▶ **Provided data**
(* Consider the MT-model on $\mathbb{T}_d$, $d\ge2$, and let $N$ be the number of neighbours of the root that are ever informed (the number of spreaders generated by the initial spreader). Then $$\mathbb{P}(N=i)=i!\binom{d+1}{i}\frac{i}{(d+1)^{i+1}},\qquad i\in\{1,\dots,d+1\},$$ and $N\in\{1,\dots,d+1\}$ almost surely.
   Context: Let $d\ge 2$ and let $\mathbb{T}_d$ be the infinite tree in which every vertex has degree $d+1$, with root $\mathbf 0$. The MT-model on $\mathbb{T}_d$ is the continuous-time Markov process $(\eta_t)_{t\ge0}$ on $\{-1,0,1\}^{\mathbb{T}_d}$ ($-1$ = ignorant, $0$ = spreader, $1$ = stifler) in which a vertex in state $-1$ jumps to $0$ at rate equal to its number of neighbours in state $0$, and a vertex in state $0$ jumps to $1$ at rate equal to its number of neighbours in states $\{0,1\}$ (equivalently, each spreader contacts each neighbour at rate 1, informing ignorants and becoming a stifler upon contacting a non-ignorant). Initially $\eta_0(\mathbf 0)=0$ and all other vertices are in state $-1$. *)

theory Defs
  imports "HOL-Probability.Probability"
begin

text \<open>
Graphical (Harris) construction of the MT-model on the tree T_d.
Vertices are finite lists of natural numbers: the root is [], and the
children of a vertex p are the lists c # p with c < d+1 if p is the root,
c < d otherwise (so every vertex has degree d+1).

For every ordered pair (u,w) of vertices there is an independent rate-1
Poisson clock; its successive interarrival times are omega (u,w,0),
omega (u,w,1), ... (i.i.d. Exp(1)). The ring times of this clock are the
times at which u contacts w. A spreader contacting an ignorant informs it;
a spreader contacting a non-ignorant becomes a stifler.
\<close>

type_synonym vertex = "nat list"
type_synonym sample = "vertex \<times> vertex \<times> nat \<Rightarrow> real"

definition nchildren :: "nat \<Rightarrow> vertex \<Rightarrow> nat" where
  "nchildren d v = (if v = [] then d + 1 else d)"

definition nbrs :: "nat \<Rightarrow> vertex \<Rightarrow> vertex set" where
  "nbrs d v = {c # v | c. c < nchildren d v} \<union> (if v = [] then {} else {tl v})"

definition contacts :: "sample \<Rightarrow> vertex \<Rightarrow> vertex \<Rightarrow> real set" where
  "contacts \<omega> u w = {(\<Sum>j\<le>k. \<omega> (u, w, j)) | k. True}"

definition firstc :: "sample \<Rightarrow> vertex \<Rightarrow> vertex \<Rightarrow> ereal \<Rightarrow> ereal" where
  "firstc \<omega> u w s = Inf {ereal t | t. t \<in> contacts \<omega> u w \<and> s < ereal t}"

text \<open>Stifling time of v, given its informing time tv: the first time after tv
  at which v contacts a neighbour that is non-ignorant at that moment (its parent,
  or a child which v has already contacted, hence informed, after tv).\<close>
definition stifle :: "nat \<Rightarrow> sample \<Rightarrow> vertex \<Rightarrow> ereal \<Rightarrow> ereal" where
  "stifle d \<omega> v tv = Inf {ereal t | t. tv < ereal t \<and>
      (\<exists>w \<in> nbrs d v. t \<in> contacts \<omega> v w \<and>
          ((v \<noteq> [] \<and> w = tl v) \<or> firstc \<omega> v w tv < ereal t))}"

text \<open>(informing time, stifling time) of each vertex; infinity means never.\<close>
fun times :: "nat \<Rightarrow> sample \<Rightarrow> vertex \<Rightarrow> ereal \<times> ereal" where
  "times d \<omega> [] = (0, stifle d \<omega> [] 0)"
| "times d \<omega> (c # p) =
     (let (tp, sp) = times d \<omega> p;
          f = firstc \<omega> p (c # p) tp;
          tv = (if f < sp then f else \<infinity>)
      in (tv, stifle d \<omega> (c # p) tv))"

text \<open>State of vertex v at time t: -1 ignorant, 0 spreader, 1 stifler.\<close>
definition eta :: "nat \<Rightarrow> sample \<Rightarrow> real \<Rightarrow> vertex \<Rightarrow> int" where
  "eta d \<omega> t v = (if ereal t < fst (times d \<omega> v) then -1
                   else if ereal t < snd (times d \<omega> v) then 0 else 1)"

definition Ninf :: "nat \<Rightarrow> sample \<Rightarrow> nat" where
  "Ninf d \<omega> = card {w \<in> nbrs d []. \<exists>t\<ge>0. eta d \<omega> t w \<noteq> -1}"

definition MT_space :: "sample measure" where
  "MT_space = PiM UNIV (\<lambda>_. density lborel (exponential_density 1))"

end

theory Submission
  imports Defs
begin

text \<open>The root contacts each of its n = d + 1 children along an independent rate-1 clock. A
  child is informed at the first ring of its clock unless the root is already a stifler, and the
  root becomes a stifler at the first moment one of its clocks rings for the second time. So N
  counts the clocks that ring once before any clock rings twice. For a winner v and a set A \<ni> v
  of size i, the event that v rings twice first and exactly the clocks in A have rung by then has
  probability \<integral> s e^-s (s e^-s)^(i-1) (e^-s)^(n-i) ds = i!/n^(i+1), as the second ring of v is
  Erlang distributed. Summing over the (n choose i) i pairs (A, v) bounds P(N = i) from below;
  these bounds already sum to 1, so they are equalities and N \<in> {1..n} almost surely.\<close>

lemma Inf_setcompr_eq_INF:
  "Inf {f x | x. P x} = (INF x. if P x then f x else (top :: 'a :: complete_lattice))"
  by (rule antisym) (auto intro!: INF_greatest Inf_greatest intro: INF_lower2 Inf_lower)

lemma card_pointed_subsets:
  assumes "finite S"
  shows "card (SIGMA A:{A. A \<subseteq> S \<and> card A = i}. A) = (card S choose i) * i"
proof -
  have "card (SIGMA A:{A. A \<subseteq> S \<and> card A = i}. A) = (\<Sum>A | A \<subseteq> S \<and> card A = i. card A)"
    using assms by (intro card_SigmaI) (auto intro: finite_subset)
  also have "\<dots> = (card S choose i) * i"
    using assms by (simp add: n_subsets)
  finally show ?thesis .
qed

▶ **Exercise**
All of the entries above should be written out verbatim.

▶ **Result**
(* Consider the MT-model on $\mathbb{T}_d$, $d\ge2$, and let $N$ be the number of neighbours of the root that are ever informed (the number of spreaders generated by the initial spreader). Then $$\mathbb{P}(N=i)=i!\binom{d+1}{i}\frac{i}{(d+1)^{i+1}},\qquad i\in\{1,\dots,d+1\},$$ and $N\in\{1,\dots,d+1\}$ almost surely.
   Context: Let $d\ge 2$ and let $\mathbb{T}_d$ be the infinite tree in which every vertex has degree $d+1$, with root $\mathbf 0$. The MT-model on $\mathbb{T}_d$ is the continuous-time Markov process $(\eta_t)_{t\ge0}$ on $\{-1,0,1\}^{\mathbb{T}_d}$ ($-1$ = ignorant, $0$ = spreader, $1$ = stifler) in which a vertex in state $-1$ jumps to $0$ at rate equal to its number of neighbours in state $0$, and a vertex in state $0$ jumps to $1$ at rate equal to its number of neighbours in states $\{0,1\}$ (equivalently, each spreader contacts each neighbour at rate 1, informing ignorants and becoming a stifler upon contacting a non-ignorant). Initially $\eta_0(\mathbf 0)=0$ and all other vertices are in state $-1$. *)

theory Defs
  imports "HOL-Probability.Probability"
begin

text \<open>
Graphical (Harris) construction of the MT-model on the tree T_d.
Vertices are finite lists of natural numbers: the root is [], and the
children of a vertex p are the lists c # p with c < d+1 if p is the root,
c < d otherwise (so every vertex has degree d+1).

For every ordered pair (u,w) of vertices there is an independent rate-1
Poisson clock; its successive interarrival times are omega (u,w,0),
omega (u,w,1), ... (i.i.d. Exp(1)). The ring times of this clock are the
times at which u contacts w. A spreader contacting an ignorant informs it;
a spreader contacting a non-ignorant becomes a stifler.
\<close>

type_synonym vertex = "nat list"
type_synonym sample = "vertex \<times> vertex \<times> nat \<Rightarrow> real"

definition nchildren :: "nat \<Rightarrow> vertex \<Rightarrow> nat" where
  "nchildren d v = (if v = [] then d + 1 else d)"

definition nbrs :: "nat \<Rightarrow> vertex \<Rightarrow> vertex set" where
  "nbrs d v = {c # v | c. c < nchildren d v} \<union> (if v = [] then {} else {tl v})"

definition contacts :: "sample \<Rightarrow> vertex \<Rightarrow> vertex \<Rightarrow> real set" where
  "contacts \<omega> u w = {(\<Sum>j\<le>k. \<omega> (u, w, j)) | k. True}"

definition firstc :: "sample \<Rightarrow> vertex \<Rightarrow> vertex \<Rightarrow> ereal \<Rightarrow> ereal" where
  "firstc \<omega> u w s = Inf {ereal t | t. t \<in> contacts \<omega> u w \<and> s < ereal t}"

text \<open>Stifling time of v, given its informing time tv: the first time after tv
  at which v contacts a neighbour that is non-ignorant at that moment (its parent,
  or a child which v has already contacted, hence informed, after tv).\<close>
definition stifle :: "nat \<Rightarrow> sample \<Rightarrow> vertex \<Rightarrow> ereal \<Rightarrow> ereal" where
  "stifle d \<omega> v tv = Inf {ereal t | t. tv < ereal t \<and>
      (\<exists>w \<in> nbrs d v. t \<in> contacts \<omega> v w \<and>
          ((v \<noteq> [] \<and> w = tl v) \<or> firstc \<omega> v w tv < ereal t))}"

text \<open>(informing time, stifling time) of each vertex; infinity means never.\<close>
fun times :: "nat \<Rightarrow> sample \<Rightarrow> vertex \<Rightarrow> ereal \<times> ereal" where
  "times d \<omega> [] = (0, stifle d \<omega> [] 0)"
| "times d \<omega> (c # p) =
     (let (tp, sp) = times d \<omega> p;
          f = firstc \<omega> p (c # p) tp;
          tv = (if f < sp then f else \<infinity>)
      in (tv, stifle d \<omega> (c # p) tv))"

text \<open>State of vertex v at time t: -1 ignorant, 0 spreader, 1 stifler.\<close>
definition eta :: "nat \<Rightarrow> sample \<Rightarrow> real \<Rightarrow> vertex \<Rightarrow> int" where
  "eta d \<omega> t v = (if ereal t < fst (times d \<omega> v) then -1
                   else if ereal t < snd (times d \<omega> v) then 0 else 1)"

definition Ninf :: "nat \<Rightarrow> sample \<Rightarrow> nat" where
  "Ninf d \<omega> = card {w \<in> nbrs d []. \<exists>t\<ge>0. eta d \<omega> t w \<noteq> -1}"

definition MT_space :: "sample measure" where
  "MT_space = PiM UNIV (\<lambda>_. density lborel (exponential_density 1))"

end

theory Submission
  imports Defs
begin

text \<open>The root contacts each of its n = d + 1 children along an independent rate-1 clock. A
  child is informed at the first ring of its clock unless the root is already a stifler, and the
  root becomes a stifler at the first moment one of its clocks rings for the second time. So N
  counts the clocks that ring once before any clock rings twice. For a winner v and a set A \<ni> v
  of size i, the event that v rings twice first and exactly the clocks in A have rung by then has
  probability \<integral> s e^-s (s e^-s)^(i-1) (e^-s)^(n-i) ds = i!/n^(i+1), as the second ring of v is
  Erlang distributed. Summing over the (n choose i) i pairs (A, v) bounds P(N = i) from below;
  these bounds already sum to 1, so they are equalities and N \<in> {1..n} almost surely.\<close>

lemma Inf_setcompr_eq_INF:
  "Inf {f x | x. P x} = (INF x. if P x then f x else (top :: 'a :: complete_lattice))"
  by (rule antisym) (auto intro!: INF_greatest Inf_greatest intro: INF_lower2 Inf_lower)

lemma card_pointed_subsets:
  assumes "finite S"
  shows "card (SIGMA A:{A. A \<subseteq> S \<and> card A = i}. A) = (card S choose i) * i"
proof -
  have "card (SIGMA A:{A. A \<subseteq> S \<and> card A = i}. A) = (\<Sum>A | A \<subseteq> S \<and> card A = i. card A)"
    using assms by (intro card_SigmaI) (auto intro: finite_subset)
  also have "\<dots> = (card S choose i) * i"
    using assms by (simp add: n_subsets)
  finally show ?thesis .
qed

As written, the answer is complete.